What is it a joint injection?
A joint injection involves an injection of a long-acting steroid medicine into the joint space of an inflamed joint. This is done under either a general anaesthetic or with the use of Entonox (gas and air) depending on the age and ability of the child to tolerate the procedure. By giving a relatively small dose of steroid directly to the site of the inflammation we get an excellent response, but avoid almost all the side-effects associated with steroids if they are taken orally.
When is this treatment used?
This treatment is frequently used as the first-line treatment for children with arthritis, but is also often used to control “flare-ups” of arthritis if they occur. Whil we often give treatment with Non-Steroidal Anti-Inflammatory Drugs (NSAIDs) like Ibuprofen and Naproxen to children when they are diagnosed with JIA, they only provide partial relief of symptoms and rarely fully suppress the arthritis. The only joints we do not inject are those around the spine. All the other joints in the body are regularly injected by us, including the small joints in fingers and toes.
How effective is this treatment?
Most children respond very well to joint injections with complete relief of swelling and pain within 24-48hrs after the injection. The arthritis usually remains completely quiet for 6-12 months, occasionally even longer. Only a very small number of children do not respond to this treatment at all.
What if my child has to have a general anaesthetic?

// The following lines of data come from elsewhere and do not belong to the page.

definition khinchin_pgf :: "(nat \<Rightarrow> real) \<Rightarrow> real \<Rightarrow> real \<Rightarrow> real" where
  "khinchin_pgf a t s = pseries a (t * s) / pseries a t"

lemma sums_khinchin_weights:
  assumes "ereal \<bar>t * s\<bar> < conv_radius a"
  shows "(\<lambda>n. a n * t ^ n / pseries a t * s ^ n) sums khinchin_pgf a t s"
proof -
  have "(\<lambda>n. a n * (t * s) ^ n) sums pseries a (t * s)"
    unfolding pseries_def using summable_in_conv_radius[of "t * s" a] assms
    by (simp add: summable_sums)
  then show ?thesis
    unfolding khinchin_pgf_def
    using sums_divide[of _ "pseries a (t * s)" "pseries a t"]
    by (simp add: power_mult_distrib field_simps)
qed

locale khinchin_series =
  fixes a :: "nat \<Rightarrow> real"
  assumes nonneg: "\<And>n. 0 \<le> a n" and const_pos: "0 < a 0"
begin

lemma pseries_pos:
  assumes "0 \<le> t" "ereal t < conv_radius a"
  shows "0 < pseries a t"
  using pseries_mono[of a 0 t] nonneg assms const_pos by simp

lemma khinchin_pgf_in_unit_interval:
  assumes t: "0 \<le> t" "ereal t < conv_radius a" and s: "s \<in> {0..1}"
  shows "khinchin_pgf a t s \<in> {0..1}"
proof -
  have "ereal (t * s) < conv_radius a"
    using abs_mult_less_conv_radius[OF t s] t s by simp
  then have "0 < pseries a (t * s)"
    using t s by (intro pseries_pos) auto
  moreover have "pseries a (t * s) \<le> pseries a t"
    using t s nonneg by (intro pseries_mono) (auto simp: mult_left_le)
  ultimately show ?thesis
    unfolding khinchin_pgf_def using pseries_pos[OF t] by simp
qed

lemma mono_on_khinchin_pgf:
  assumes t: "0 \<le> t" "ereal t < conv_radius a"
  shows "mono_on {0..1} (khinchin_pgf a t)"
proof (rule mono_onI)
  fix x y :: real
  assume "x \<in> {0..1}" "y \<in> {0..1}" "x \<le> y"
  then have "pseries a (t * x) \<le> pseries a (t * y)"
    using t nonneg abs_mult_less_conv_radius[OF t, of y]
    by (intro pseries_mono) (auto intro: mult_left_mono)
  then show "khinchin_pgf a t x \<le> khinchin_pgf a t y"
    unfolding khinchin_pgf_def using pseries_pos[OF t] by (simp add: divide_right_mono)
qed

lemma continuous_on_khinchin_pgf:
  assumes t: "0 \<le> t" "ereal t < conv_radius a"
  shows "continuous_on {0..1} (khinchin_pgf a t)"
proof -
  have "continuous_on {0..1} (\<lambda>s. pseries a (t * s))"
    using abs_mult_less_conv_radius[OF t]
    by (intro continuous_on_compose2[OF continuous_on_pseries] continuous_intros) auto
  then show ?thesis
    unfolding khinchin_pgf_def[abs_def] using pseries_pos[OF t]
    by (intro continuous_intros) auto
qed

lemma continuous_on_khinchin_pgf_comp:
  assumes "continuous_on {t. 0 \<le> t \<and> ereal t < conv_radius a} h"
    and "\<And>t. 0 \<le> t \<Longrightarrow> ereal t < conv_radius a \<Longrightarrow> h t \<in> {0..1}"
  shows "continuous_on {t. 0 \<le> t \<and> ereal t < conv_radius a} (\<lambda>t. khinchin_pgf a t (h t))"
proof -
  let ?I = "{t. 0 \<le> t \<and> ereal t < conv_radius a}"
  have "continuous_on ?I (\<lambda>t. pseries a (t * h t))"
  proof (rule continuous_on_compose2[OF continuous_on_pseries])
    show "continuous_on ?I (\<lambda>t. t * h t)"
      using assms(1) by (intro continuous_intros)
    show "(\<lambda>t. t * h t) ` ?I \<subseteq> {x. ereal \<bar>x\<bar> < conv_radius a}"
      using assms(2) abs_mult_less_conv_radius by blast
  qed
  moreover have "continuous_on ?I (pseries a)"
    by (rule continuous_on_subset[OF continuous_on_pseries]) auto
  ultimately show ?thesis
    unfolding khinchin_pgf_def using pseries_pos by (intro continuous_on_divide) force+
qed

lemma continuous_on_khinchin_pgf_funpow:
  "continuous_on {t. 0 \<le> t \<and> ereal t < conv_radius a} (\<lambda>t. (khinchin_pgf a t ^^ n) 0)"
proof (induction n)
  case 0
  then show ?case
    by (simp add: continuous_on_const)
next
  case (Suc n)
  have "(khinchin_pgf a t ^^ n) 0 \<in> {0..1}" if "0 \<le> t" "ereal t < conv_radius a" for t
    using khinchin_pgf_in_unit_interval[OF that] by (intro funpow_in_invariant) auto
  then show ?case
    using continuous_on_khinchin_pgf_comp[OF Suc.IH] by simp
qed

lemma pmf_khinchin:
  assumes "0 \<le> t" "ereal t < conv_radius a"
  shows "pmf (khinchin a t) n = a n * t ^ n / pseries a t"
proof -
  have weights_nonneg: "0 \<le> a n * t ^ n / pseries a t" for n
    using nonneg assms pseries_pos[OF assms] by simp
  have "(\<lambda>n. a n * t ^ n / pseries a t) sums 1"
    using sums_khinchin_weights[of t 1 a] assms pseries_pos[OF assms]
    by (simp add: khinchin_pgf_def)
  then have "(\<integral>\<^sup>+ n. ennreal (a n * t ^ n / pseries a t) \<partial>count_space UNIV) = 1"
    using suminf_ennreal_eq[OF weights_nonneg] by (simp add: nn_integral_count_space_nat)
  then show ?thesis
    unfolding khinchin_def using weights_nonneg by (intro pmf_embed_pmf) auto
qed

Children under eight, or those who are having multiple joints injected, usually have these done under a general anaesthetic. All general anaesthetics are performed under the supervision of a specialist children’s anaesthetist. All injections are done either by, or under the direct supervision of, one of the consultants.
Arrangements will be made for your child to be admitted to hospital. You will receive instructions from the hospital about one week before and this will include advice on missing food/drink before the procedure.

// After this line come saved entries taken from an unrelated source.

(* Let $A$ be an irreducible $\{0,1\}$-matrix which is not a permutation matrix, and let $\mathcal{C}$ be a right Markov code for $(X_A,\sigma_A)$. Then the one-sided topological Markov shift $(X_{A(\mathcal{C})},\sigma_{A(\mathcal{C})})$ is continuously orbit equivalent to $(X_A,\sigma_A)$.
   Context: For an $N\times N$ matrix $A=[A(i,j)]_{i,j=1}^N$ with entries in $\{0,1\}$, put $\Sigma_A=\{1,\dots,N\}$ and let $X_A$ be the set of sequences $(x_n)_{n\in\mathbb{N}}$ in $\Sigma_A$ with $A(x_n,x_{n+1})=1$ for all $n$, with the product topology and the shift $\sigma_A((x_n)_n)=(x_{n+1})_n$. $B_k(X_A)$ is the set of admissible words of length $k$, $B_0(X_A)$ the empty word, $B_*(X_A)=\bigcup_{k\ge0}B_k(X_A)$. For a word $w=w_1\cdots w_\ell$ put $\sigma_A(w)=w_2\cdots w_\ell$. A code is a nonempty $\mathcal{C}\subset B_*(X_A)$ such that any equality $\omega(i_1)\cdots\omega(i_k)=\omega(j_1)\cdots\omega(j_n)$ of concatenations of words of $\mathcal{C}$ forces $n=k$ and $\omega(i_m)=\omega(j_m)$ for all $m$; a prefix code is a code in which no word is a prefix of another. A finite prefix code $\mathcal{C}=\{\omega(1),\dots,\omega(M)\}\subset B_*(X_A)$, $\Sigma_{A(\mathcal{C})}=\{1,\dots,M\}$, is a right Markov code for $(X_A,\sigma_A)$ if: (i) for every $\gamma\in B_*(X_A)$ there is $\eta\in B_*(X_A)$ with $\gamma\eta\in B_*(X_A)$ and a unique finite sequence $(i_1,\dots,i_k)$ in $\Sigma_{A(\mathcal{C})}$ with $\gamma\eta=\omega(i_1)\cdots\omega(i_k)$; (ii) there is $L\in\mathbb{N}$ such that for all $i_1,\dots,i_L\in\Sigma_{A(\mathcal{C})}$ with $\omega(i_1)\cdots\omega(i_L)\in B_*(X_A)$ there exist $j_1,\dots,j_k\in\Sigma_{A(\mathcal{C})}$ with $\sigma_A(\omega(i_1))\omega(i_2)\cdots\omega(i_L)=\omega(j_1)\cdots\omega(j_k)$; (iii) for every $i,j$ there are $n_1,\dots,n_l\in\Sigma_{A(\mathcal{C})}$ with $\omega(i)\omega(n_1)\cdots\omega(n_l)\omega(j)\in B_*(X_A)$. $A(\mathcal{C})$ is the $M\times M$ matrix with $A(\mathcal{C})(i,j)=A(r(\omega(i)),s(\omega(j)))$, where $s(\omega(i)),r(\omega(i))$ denote the first and last symbols of $\omega(i)$. $(X_A,\sigma_A)$ and $(X_B,\sigma_B)$ are continuously orbit equivalent if there exist a homeomorphism $h:X_A\to X_B$ and continuous maps $k_1,l_1:X_A\to\mathbb{Z}_+$, $k_2,l_2:X_B\to\mathbb{Z}_+$ with $\sigma_B^{k_1(x)}(h(\sigma_A(x)))=\sigma_B^{l_1(x)}(h(x))$ for $x\in X_A$ and $\sigma_A^{k_2(y)}(h^{-1}(\sigma_B(y)))=\sigma_A^{l_2(y)}(h^{-1}(y))$ for $y\in X_B$. *)

theory Defs
  imports "HOL-Analysis.Analysis"
begin

text \<open>An N x N matrix is represented as a function nat => nat => nat, only its
entries at indices in {1..N} being relevant. Symbols are Sigma_A = {1..N}.\<close>

definition zero_one_matrix :: "nat \<Rightarrow> (nat \<Rightarrow> nat \<Rightarrow> nat) \<Rightarrow> bool" where
  "zero_one_matrix N A \<longleftrightarrow> (\<forall>i\<in>{1..N}. \<forall>j\<in>{1..N}. A i j \<in> {0, 1})"

fun matpow :: "nat \<Rightarrow> (nat \<Rightarrow> nat \<Rightarrow> nat) \<Rightarrow> nat \<Rightarrow> nat \<Rightarrow> nat \<Rightarrow> nat" where
  "matpow N A 0 = (\<lambda>i j. if i = j then 1 else 0)"
| "matpow N A (Suc n) = (\<lambda>i j. \<Sum>k\<in>{1..N}. matpow N A n i k * A k j)"

definition irreducible_matrix :: "nat \<Rightarrow> (nat \<Rightarrow> nat \<Rightarrow> nat) \<Rightarrow> bool" where
  "irreducible_matrix N A \<longleftrightarrow> (\<forall>i\<in>{1..N}. \<forall>j\<in>{1..N}. \<exists>n>0. matpow N A n i j > 0)"

definition permutation_matrix :: "nat \<Rightarrow> (nat \<Rightarrow> nat \<Rightarrow> nat) \<Rightarrow> bool" where
  "permutation_matrix N A \<longleftrightarrow> zero_one_matrix N A \<and>
     (\<forall>i\<in>{1..N}. card {j\<in>{1..N}. A i j = 1} = 1) \<and>
     (\<forall>j\<in>{1..N}. card {i\<in>{1..N}. A i j = 1} = 1)"

definition XA :: "nat \<Rightarrow> (nat \<Rightarrow> nat \<Rightarrow> nat) \<Rightarrow> (nat \<Rightarrow> nat) set" where
  "XA N A = {x. \<forall>n. x n \<in> {1..N} \<and> A (x n) (x (Suc n)) = 1}"

definition topXA :: "nat \<Rightarrow> (nat \<Rightarrow> nat \<Rightarrow> nat) \<Rightarrow> (nat \<Rightarrow> nat) topology" where
  "topXA N A = subtopology (product_topology (\<lambda>_. discrete_topology {1..N}) UNIV) (XA N A)"

definition shift :: "(nat \<Rightarrow> nat) \<Rightarrow> (nat \<Rightarrow> nat)" where
  "shift x = (\<lambda>n. x (Suc n))"

definition Bstar :: "nat \<Rightarrow> (nat \<Rightarrow> nat \<Rightarrow> nat) \<Rightarrow> nat list set" where
  "Bstar N A = {w. set w \<subseteq> {1..N} \<and> (\<forall>k. Suc k < length w \<longrightarrow> A (w ! k) (w ! Suc k) = 1)}"

definition is_code :: "nat \<Rightarrow> (nat \<Rightarrow> nat \<Rightarrow> nat) \<Rightarrow> nat list set \<Rightarrow> bool" where
  "is_code N A C \<longleftrightarrow> C \<noteq> {} \<and> C \<subseteq> Bstar N A \<and>
     (\<forall>us vs. set us \<subseteq> C \<longrightarrow> set vs \<subseteq> C \<longrightarrow> concat us = concat vs \<longrightarrow> us = vs)"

Almost all joint injections are done on a regular list on Thursday mornings. Your child does not have to stay overnight in the hospital and will be allowed to go home around lunchtime.
Are there any precautions we should take after a joint injection?
Your child should avoid sports and PE for the first 24 hours following the joint injection, although this need not be strictly enforced if a patient is pain-free. Following this regular activities should be resumed, this includes going to school, taking part in PE, etc.
Are there any complications?
- Subcutaneous fat atrophy (loss of fat under the skin) at the site of injection is an uncommon complication, but is more likely when the wrist, fingers, toes, or the small joints of the foot are injected. This usually presents as a small dimple at the injection site and may resolve over time. Sometimes the skin at the same site loses its normal pigmentation (skin colour) as well.
- Cushings Syndrome is very rarely seen after joint injections. This is a transient reaction to the steroids and is usually only seen when a large number of joints have been injected at the same time. It produces a transient rise in appetite and occasionally the child may gain some weight but this usually only last for a week or two.
- Infection of the injected joint is very rare. If after the injection your child develops a very painful, swollen, hot and red joint, then you should contact the Paediatric Rheumatology Sisters or your GP urgently, ie, the same day.